Ambassador of Bangladesh to Libya
- In office 1995–2001
- Succeeded by: AFM Golam Hossain

Personal details
- Alma mater: University of Dhaka

= M. Shafiullah =

Bangladeshi diplomat

M. Shafiullah is a retired diplomat and a former ambassador of Bangladesh to Libya. He was a senior research fellow at the Bangladesh Enterprise Institute. He is a former press officer of President Sheikh Mujibur Rahman, the founding president of Bangladesh. He is a director of the Centre for Governance Studies, a think-tank.

== Early life ==
Shafiullah has a master's in psychology from the University of Dhaka.

==Career==
During the Bangladesh Liberation War in 1971, Shafiullah was stuck in West Pakistan. He returned to independent Bangladesh by crossing the border with Afghanistan. He served as the press officer of President Sheikh Mujibur Rahman from 1972 to 1975.

Shafiullah was the director-general for Middle East and North Africa at the Ministry of Foreign Affairs. In 1991, after Saddam Hussein invaded Kuwait, he worked on repatriating 70 thousand Bangladeshi expats from Kuwait.

Shafiullah was made ambassador of Bangladesh to Libya in 1995. He was concurrently accredited to Malta, State of Palestine, and Tunisia. He tried in 2001. He said Afghanistan joined SAARC with the support of the United States and indirect support of India.
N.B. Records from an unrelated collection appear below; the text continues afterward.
(* For all integers $b \geq k \geq 4$, $$R_{(b,k)} \leq \left(\frac{1}{\log b} + \frac{b^2}{(b^2-3b+2)\,\log \frac{b-2}{k-3}}\right)^{-1}.$$
   Context: For integers $b \geq k$ and $n$, a $(b,k)$-hash code of length $n$ is a subset $\mathcal{C} \subseteq \{1,2,\ldots,b\}^n$ such that for any $k$ distinct elements of $\mathcal{C}$ there is a coordinate $i \in \{1,\ldots,n\}$ in which their $i$-th entries are pairwise distinct. Let $N_{(b,k)}(n)$ denote the maximum size of a $(b,k)$-hash code of length $n$, and define $R_{(b,k)} = \limsup_{n\to\infty} \frac{1}{n}\log N_{(b,k)}(n)$. All logarithms are to base 2. *)

theory Defs
  imports "HOL-Analysis.Analysis"
begin

definition words :: "nat \<Rightarrow> nat \<Rightarrow> nat list set" where
  "words b n = {xs. length xs = n \<and> set xs \<subseteq> {1..b}}"

definition is_hash_code :: "nat \<Rightarrow> nat \<Rightarrow> nat \<Rightarrow> nat list set \<Rightarrow> bool" where
  "is_hash_code b k n C \<longleftrightarrow> C \<subseteq> words b n \<and>
     (\<forall>S. S \<subseteq> C \<and> card S = k \<longrightarrow> (\<exists>i<n. inj_on (\<lambda>x. x ! i) S))"

definition N_hash :: "nat \<Rightarrow> nat \<Rightarrow> nat \<Rightarrow> nat" where
  "N_hash b k n = Max (card ` {C. is_hash_code b k n C})"

definition R_hash :: "nat \<Rightarrow> nat \<Rightarrow> ereal" where
  "R_hash b k = limsup (\<lambda>n. ereal (log 2 (real (N_hash b k n)) / real n))"

end

(* Fix a (b,k)-hash code C of length n and group its words by their prefix of length l, where
   2 L b^l <= |C| < 2 L b^(l+1); then at least half of C lies in groups of size at least L.
   For x, y in one group, weigh every coordinate i with x_i ~= y_i by the number of codewords
   avoiding both x_i and y_i. Cauchy-Schwarz and an elementary quadratic inequality bound the
   average weight of a pair inside a group by (1 - 1/b)(1 - 2/b) |C|^2 per coordinate after the
   prefix, so some pair x ~= y has weight at most L/(L-1) (1 - 1/b)(1 - 2/b) (n - l) |C|.
   Around this pair any k - 2 further codewords must be separated by the b - 2 symbols other
   than x_i, y_i, and Hansel's counting argument together with Jensen's inequality gives
   log |C| <= log (k - 1) + (weight / |C|) log ((b - 2)/(k - 3)). As l ~ log_b |C|, this
   bounds log |C| linearly in n; let n tend to infinity, then L. *)

theory Submission
  imports Defs
begin

section \<open>Colour classes\<close>

(* kappa b = (1 - 1/b) (1 - 2/b) is the probability that three independent uniform symbols
   x, y, u satisfy x \<noteq> y and u \<notin> {x, y}. *)
definition kappa :: "nat \<Rightarrow> real" where
  "kappa b = ((real b)^2 - 3 * real b + 2) / (real b)^2"

lemma kappa_pos:
  assumes "3 \<le> b" shows "0 < kappa b"
proof -
  have "0 < (real b - 1) * (real b - 2)" using assms by simp
  thus ?thesis unfolding kappa_def using assms
    by (intro divide_pos_pos) (simp_all add: algebra_simps power2_eq_square)
qed

lemma sum_sq_sum_cube_lower_bound:
  fixes F :: "'a \<Rightarrow> real"
  assumes "finite A" and b: "card A = b" "4 \<le> b"
    and F0: "\<And>a. a \<in> A \<Longrightarrow> 0 \<le> F a" and sF: "sum F A = m"
  shows "(3 * real b - 2) * m^3 / (real b)^2
           \<le> 3 * m * (\<Sum>a\<in>A. (F a)^2) - 2 * (\<Sum>a\<in>A. (F a)^3)"
proof -
  define e where "e a = F a - m / b" for a
  have bp: "real b \<ge> 4" using b by simp
  have Fle: "F a \<le> m" if "a \<in> A" for a
    using member_le_sum[of a A F] F0 that sF \<open>finite A\<close> by simp
  have m0: "0 \<le> m" using sF F0 by (metis sum_nonneg)
  have pointwise: "3*m*(F a)^2 - 2*(F a)^3
      = e a^2 * (3*m - 6*m/b - 2*e a) + (3 * real b - 2) * m^3 / (real b)^3 + e a * (6*m^2/b - 6*m^2/b^2)" for a
    unfolding e_def using bp by (simp add: field_simps power2_eq_square power3_eq_cube)
  have "sum e A = 0" unfolding e_def using sF b by (simp add: sum_subtractf)
  hence "(\<Sum>a\<in>A. e a * (6*m^2/b - 6*m^2/b^2)) = 0" by (simp add: sum_distrib_right[symmetric])
  moreover have "0 \<le> e a^2 * (3*m - 6*m/b - 2*e a)" if "a \<in> A" for a
  proof -
    have "m * 4 / real b \<le> m" using m0 bp by (simp add: field_simps mult_left_mono)
    thus ?thesis using Fle[OF that] unfolding e_def by (intro mult_nonneg_nonneg) (auto simp: field_simps)
  qed
  hence "0 \<le> (\<Sum>a\<in>A. e a^2 * (3*m - 6*m/b - 2*e a))" by (rule sum_nonneg)
  moreover have "3 * m * (\<Sum>a\<in>A. (F a)^2) - 2 * (\<Sum>a\<in>A. (F a)^3)
      = (\<Sum>a\<in>A. 3*m*(F a)^2 - 2*(F a)^3)"
    by (simp add: sum_subtractf sum_distrib_left)
  moreover have "(\<Sum>a\<in>A. 3*m*(F a)^2 - 2*(F a)^3)
      = (\<Sum>a\<in>A. e a^2 * (3*m - 6*m/b - 2*e a)) + real b * ((3 * real b - 2) * m^3 / (real b)^3)
        + (\<Sum>a\<in>A. e a * (6*m^2/b - 6*m^2/b^2))"
    unfolding pointwise by (simp add: sum.distrib b)
  moreover have "real b * ((3 * real b - 2) * m^3 / (real b)^3) = (3 * real b - 2) * m^3 / (real b)^2"
    using bp by (simp add: power2_eq_square power3_eq_cube)
  ultimately show ?thesis by linarith
qed


lemma quadratic_colour_bound_balanced:
  fixes F Q :: "'a \<Rightarrow> real"
  assumes "finite A" and b: "card A = b" "4 \<le> b"
    and F0: "\<And>a. a \<in> A \<Longrightarrow> 0 \<le> F a" and sF: "sum F A = m" and m: "0 < m"
    and Qlo: "\<And>a. a \<in> A \<Longrightarrow> (F a)^2 \<le> m * Q a"
    and balanced: "\<And>a. a \<in> A \<Longrightarrow> 2 * F a \<le> m"
  shows "m^2 - 2 * (\<Sum>a\<in>A. (F a)^2) - (\<Sum>a\<in>A. Q a * (m - 2 * F a)) \<le> kappa b * m^2"
proof -
  have bp: "real b \<ge> 4" using b by simp
  have "(F a)^2 * (m - 2 * F a) / m \<le> Q a * (m - 2 * F a)" if "a \<in> A" for a
  proof -
    have "(F a)^2 / m \<le> Q a" using Qlo[OF that] m by (simp add: field_simps)
    thus ?thesis using balanced[OF that] mult_right_mono by fastforce
  qed
  hence "(\<Sum>a\<in>A. (F a)^2 * (m - 2 * F a) / m) \<le> (\<Sum>a\<in>A. Q a * (m - 2 * F a))"
    by (rule sum_mono)
  moreover have "(\<Sum>a\<in>A. (F a)^2 * (m - 2 * F a) / m)
      = (m * (\<Sum>a\<in>A. (F a)^2) - 2 * (\<Sum>a\<in>A. (F a)^3)) / m"
    by (simp add: sum_divide_distrib[symmetric] sum_subtractf sum_distrib_left algebra_simps
        power2_eq_square power3_eq_cube)
  ultimately have "m^2 - 2 * (\<Sum>a\<in>A. (F a)^2) - (\<Sum>a\<in>A. Q a * (m - 2 * F a))
      \<le> m^2 - 2 * (\<Sum>a\<in>A. (F a)^2) - (m * (\<Sum>a\<in>A. (F a)^2) - 2 * (\<Sum>a\<in>A. (F a)^3)) / m"
    by linarith
  also have "\<dots> = (m^3 - (3 * m * (\<Sum>a\<in>A. (F a)^2) - 2 * (\<Sum>a\<in>A. (F a)^3))) / m"
    using m by (simp add: field_simps power2_eq_square power3_eq_cube)
  also have "\<dots> \<le> (m^3 - (3 * real b - 2) * m^3 / (real b)^2) / m"
    using sum_sq_sum_cube_lower_bound[OF assms(1-3) F0 sF] m by (intro divide_right_mono) auto
  also have "\<dots> = kappa b * m^2"
    using m bp unfolding kappa_def by (simp add: field_simps power2_eq_square power3_eq_cube)
  finally show ?thesis .
qed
Shafiullah was a senior research fellow at the Bangladesh Enterprise Institute from 2002. He was the project coordinator of the Charting a Roadmap for Transition to Business-to-Business e-Commerce project of the Bangladesh Enterprise Institute. He praised the 2018 Bangladesh road-safety protests and the 2018 Bangladesh quota reform movement. He has been critical of Bangladesh-India relations describing it as unbalanced and in favor of India.